I approached the task a little differently, foregoing raking in favor of using a blower for the task of moving the giant leaf piles to the wooded part of my lot. Mostly what has happened is that I have had to clear the planted area and deck multiple times, five, so far.


As spring approached there was a lot of unusual bird activity, which I wrote about. You remember: the dozens of vultures? But another bird appeared that was unusual in a different way. Not too far from our house—probably a couple hundred yards, as the crow flies—is the Town’s water supply pond, which has a rather large number of ducks on
it during spring/summer/fall. Imagine my surprise when I saw one of those ducks walking around in the planted areas behind the deck. The only time I’ve seen ducks this far from the pond is the occasional fly-over. I commented to Diane that this critter must have bad radar or something. I didn’t see the duck again after one other sighting the next day.
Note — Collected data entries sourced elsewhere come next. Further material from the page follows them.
(* For every $m\ge0$ and $n\ge1$ there is an injective map from $Q_2(m,n)$ to $P_2(-m,n)$.
   Context: Partitions: $\lambda_1\ge\cdots\ge\lambda_\ell>0$, $\ell(\lambda)=\ell$, $\lambda_i=0$ for $i>\ell$ (so $\alpha_1=0$ if $\alpha=\emptyset$), $s(\lambda)$ the smallest part with $s(\emptyset)=+\infty$. Rank $=\lambda_1-\ell$; rank-set $=[-\lambda_1,1-\lambda_2,\dots,\ell-1-\lambda_\ell,\ell,\ell+1,\dots]$. $Q(m,n)$: partitions of $n$ whose rank-set contains $m$; $P(-m,n)$: partitions of $n$ with rank $\ge-m$. $m$-Durfee rectangle symbol $(\alpha,\beta)_{(m+j)\times j}$ of $\lambda$: $j\ge0$ is the largest integer with $\lambda_{m+j}\ge j$; $\alpha$ is the conjugate of $(\lambda_1-j,\dots,\lambda_{m+j}-j)$ (columns to the right of the $(m+j)\times j$ rectangle) and $\beta=(\lambda_{m+j+1},\lambda_{m+j+2},\dots)$ (rows below it); $|\lambda|=|\alpha|+|\beta|+j(m+j)$. $Q_2(m,n)$ is the set of $\lambda\in Q(m,n)$ whose symbol $(\alpha,\beta)_{(m+j)\times j}$ has $j\ge1$, $\ell(\beta)\ge\ell(\alpha)$ and $\alpha_1<m+j$. $P_2(-m,n)$ is the set of $\mu\in P(-m,n)$ whose symbol $(\gamma,\delta)_{(m+j')\times j'}$ has $j'\ge1$ and $\delta_1=j'-1$. *)

theory Defs
  imports Main
begin

definition is_partition :: "nat list \<Rightarrow> bool" where
  "is_partition xs \<longleftrightarrow> sorted_wrt (\<ge>) xs \<and> 0 \<notin> set xs"

definition partitions :: "nat \<Rightarrow> nat list set" where
  "partitions n = {xs. is_partition xs \<and> sum_list xs = n}"

text \<open>1-indexed parts, with part i = 0 for i > length (and for i = 0).\<close>
definition part :: "nat list \<Rightarrow> nat \<Rightarrow> nat" where
  "part xs i = (if 1 \<le> i \<and> i \<le> length xs then xs ! (i - 1) else 0)"

definition rank :: "nat list \<Rightarrow> int" where
  "rank xs = int (part xs 1) - int (length xs)"

definition rank_set :: "nat list \<Rightarrow> int set" where
  "rank_set xs = {int (i - 1) - int (part xs i) | i. 1 \<le> i \<and> i \<le> length xs}
                 \<union> {int k | k. length xs \<le> k}"

definition Qset :: "nat \<Rightarrow> nat \<Rightarrow> nat list set" where
  "Qset m n = {xs \<in> partitions n. int m \<in> rank_set xs}"

text \<open>P(-m,n): partitions of n with rank at least -m.\<close>
definition Pset :: "nat \<Rightarrow> nat \<Rightarrow> nat list set" where
  "Pset m n = {xs \<in> partitions n. rank xs \<ge> - int m}"

definition conj :: "nat list \<Rightarrow> nat list" where
  "conj xs = map (\<lambda>k. length (filter (\<lambda>x. k \<le> x) xs)) [1..<Suc (fold max xs 0)]"

text \<open>m-Durfee rectangle symbol (alpha, beta) of size (m+j) x j.\<close>
definition durj :: "nat \<Rightarrow> nat list \<Rightarrow> nat" where
  "durj m xs = (GREATEST j. part xs (m + j) \<ge> j)"

definition dur_alpha :: "nat \<Rightarrow> nat list \<Rightarrow> nat list" where
  "dur_alpha m xs = (let j = durj m xs in conj (map (\<lambda>i. part xs i - j) [1..<Suc (m + j)]))"

definition dur_beta :: "nat \<Rightarrow> nat list \<Rightarrow> nat list" where
  "dur_beta m xs = drop (m + durj m xs) xs"

definition Q2set :: "nat \<Rightarrow> nat \<Rightarrow> nat list set" where
  "Q2set m n = {xs \<in> Qset m n. durj m xs \<ge> 1
      \<and> length (dur_beta m xs) \<ge> length (dur_alpha m xs)
      \<and> part (dur_alpha m xs) 1 < m + durj m xs}"

definition P2set :: "nat \<Rightarrow> nat \<Rightarrow> nat list set" where
  "P2set m n = {xs \<in> Pset m n. durj m xs \<ge> 1
      \<and> part (dur_beta m xs) 1 = durj m xs - 1}"

end

theory Submission
  imports Defs
begin

text \<open>Let \<open>\<lambda> \<in> Q\<^sub>2(m,n)\<close> have m-Durfee rectangle of width j. Since m lies in the
  rank-set, the row just below the rectangle has length j, and \<open>\<alpha>\<^sub>1 < m + j\<close> says the
  last row of the rectangle has length j as well; so \<open>\<lambda> = (A, j, \<beta>)\<close> with \<open>\<beta>\<^sub>1 = j\<close>,
  and \<open>\<ell>(\<beta>) \<ge> \<ell>(\<alpha>)\<close> means \<open>\<lambda>\<^sub>1 \<le> j + \<ell>(\<beta>)\<close>. Removing the row j and the first
  column of \<open>\<beta>\<close> and adding a new first row \<open>j + \<ell>(\<beta>)\<close> gives a partition
  \<open>\<mu> = (j + \<ell>(\<beta>), A, \<beta>')\<close> of n whose m-Durfee rectangle again has width j, with rank
  at least \<open>-m\<close> and with \<open>\<beta>'\<^sub>1 = j - 1\<close>. Since \<open>\<ell>(\<beta>) = \<mu>\<^sub>1 - j\<close>, the removed column
  can be put back, so \<open>\<lambda>\<close> is recovered from \<open>\<mu>\<close>.\<close>

lemma part_antimono:
  assumes "is_partition xs" "1 \<le> i" "i \<le> i'"
  shows "part xs i' \<le> part xs i"
proof (cases "i' \<le> length xs \<and> i < i'")
  case True
  have sorted: "sorted_wrt (\<ge>) xs" using assms(1) by (simp add: is_partition_def)
  moreover have "i - 1 < i' - 1" "i' - 1 < length xs" using True assms(2) by auto
  ultimately have "xs ! (i' - 1) \<le> xs ! (i - 1)" using sorted_wrt_nth_less[OF sorted] by blast
  then show ?thesis using True assms(2) by (simp add: part_def)
next
  case False
  then show ?thesis using assms(3) by (auto simp: part_def)
qed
Until yesterday. While removing the leaves for the fifth and I hope final time, this time with the vacuum feature of the blower, I stuck the vacuum’s pick-up tube in a planter and noticed something that looked a whole lot like the furry seeds that dandelions produce
, only a lot larger. And then, I noticed the duck’s head nestled in the leaves. What I had mistaken for large dandelion-like seeds was duck down; that darned duck has built its nest out there, nowhere near the water.


I’m a little surprised that our prized hunter, Corky, the Beagle-mix, hasn’t found the duck, but since she doesn’t get up on the tiers often, I guess the critter and her babies will be safe. At least until they hatch and start moving around.

I could end this by saying, “Life is sweet - when the birds come home to roost,” but that would be plagiarizing Buffalo, and that would be wrong. So, I’ll just stop.